● **WHAT THE EXERCISE ASKS**
Pick out and copy every line below that has the word "with".

Stored items:
____

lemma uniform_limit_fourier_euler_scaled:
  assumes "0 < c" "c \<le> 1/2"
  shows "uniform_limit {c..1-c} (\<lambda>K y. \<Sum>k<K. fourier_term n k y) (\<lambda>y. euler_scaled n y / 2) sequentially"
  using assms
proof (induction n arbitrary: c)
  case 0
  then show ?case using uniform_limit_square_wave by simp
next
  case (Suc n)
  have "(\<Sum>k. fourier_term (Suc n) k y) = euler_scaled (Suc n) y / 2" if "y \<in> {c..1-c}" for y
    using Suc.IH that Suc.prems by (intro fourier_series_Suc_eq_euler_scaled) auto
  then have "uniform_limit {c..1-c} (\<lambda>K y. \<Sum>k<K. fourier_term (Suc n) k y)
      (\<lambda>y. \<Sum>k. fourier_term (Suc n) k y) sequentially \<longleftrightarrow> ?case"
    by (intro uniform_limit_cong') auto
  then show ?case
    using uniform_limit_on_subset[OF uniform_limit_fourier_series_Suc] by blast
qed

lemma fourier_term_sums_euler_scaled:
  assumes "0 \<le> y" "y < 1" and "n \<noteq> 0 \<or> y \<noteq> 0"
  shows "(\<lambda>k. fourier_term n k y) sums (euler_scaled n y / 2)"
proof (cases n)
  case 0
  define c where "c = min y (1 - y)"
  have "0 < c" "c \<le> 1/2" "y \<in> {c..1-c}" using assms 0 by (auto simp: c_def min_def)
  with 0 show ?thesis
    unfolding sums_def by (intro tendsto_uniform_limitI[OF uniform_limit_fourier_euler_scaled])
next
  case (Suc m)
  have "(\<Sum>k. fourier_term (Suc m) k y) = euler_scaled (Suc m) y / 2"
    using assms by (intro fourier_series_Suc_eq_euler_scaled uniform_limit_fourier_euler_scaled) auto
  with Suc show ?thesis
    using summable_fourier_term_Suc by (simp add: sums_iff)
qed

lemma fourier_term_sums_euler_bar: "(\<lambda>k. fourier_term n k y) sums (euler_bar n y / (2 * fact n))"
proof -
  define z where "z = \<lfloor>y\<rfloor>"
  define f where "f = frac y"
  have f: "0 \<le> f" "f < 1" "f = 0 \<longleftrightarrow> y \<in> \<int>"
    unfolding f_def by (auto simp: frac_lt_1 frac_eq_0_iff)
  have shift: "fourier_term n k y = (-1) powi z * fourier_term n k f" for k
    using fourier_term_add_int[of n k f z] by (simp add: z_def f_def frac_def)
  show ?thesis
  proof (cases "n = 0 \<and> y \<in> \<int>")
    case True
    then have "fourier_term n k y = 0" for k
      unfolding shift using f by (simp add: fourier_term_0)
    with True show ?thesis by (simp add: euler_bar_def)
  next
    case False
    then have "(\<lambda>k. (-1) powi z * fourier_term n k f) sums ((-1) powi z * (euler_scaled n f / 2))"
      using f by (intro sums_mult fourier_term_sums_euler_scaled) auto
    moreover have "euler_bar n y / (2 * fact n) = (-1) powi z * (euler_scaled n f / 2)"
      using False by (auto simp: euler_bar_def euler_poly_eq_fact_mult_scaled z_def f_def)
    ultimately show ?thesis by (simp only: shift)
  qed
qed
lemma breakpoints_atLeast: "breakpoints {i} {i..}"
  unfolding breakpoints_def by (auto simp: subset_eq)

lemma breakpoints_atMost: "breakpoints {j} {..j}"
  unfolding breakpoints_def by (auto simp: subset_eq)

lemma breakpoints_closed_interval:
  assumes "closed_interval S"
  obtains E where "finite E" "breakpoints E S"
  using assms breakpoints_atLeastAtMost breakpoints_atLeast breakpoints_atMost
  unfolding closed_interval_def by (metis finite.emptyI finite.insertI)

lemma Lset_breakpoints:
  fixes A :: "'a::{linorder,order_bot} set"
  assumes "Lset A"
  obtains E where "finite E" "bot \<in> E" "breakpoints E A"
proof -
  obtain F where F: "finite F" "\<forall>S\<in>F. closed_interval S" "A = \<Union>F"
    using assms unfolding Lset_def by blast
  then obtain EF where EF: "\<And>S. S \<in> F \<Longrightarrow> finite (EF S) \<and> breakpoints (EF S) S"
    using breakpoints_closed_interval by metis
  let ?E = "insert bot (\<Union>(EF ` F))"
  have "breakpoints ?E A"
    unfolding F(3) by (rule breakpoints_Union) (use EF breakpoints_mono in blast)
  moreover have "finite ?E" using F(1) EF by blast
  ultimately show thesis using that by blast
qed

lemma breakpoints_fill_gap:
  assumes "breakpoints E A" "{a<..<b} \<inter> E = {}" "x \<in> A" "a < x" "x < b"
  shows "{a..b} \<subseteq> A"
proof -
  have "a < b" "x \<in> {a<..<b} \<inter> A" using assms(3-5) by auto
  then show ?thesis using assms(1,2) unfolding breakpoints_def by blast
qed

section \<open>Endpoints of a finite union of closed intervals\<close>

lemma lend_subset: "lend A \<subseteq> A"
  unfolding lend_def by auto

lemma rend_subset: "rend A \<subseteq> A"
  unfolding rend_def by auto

____

● **OUTPUT FOR THIS EXERCISE**
  with 0 show ?thesis
  with Suc show ?thesis
    with True show ?thesis by (simp add: euler_bar_def)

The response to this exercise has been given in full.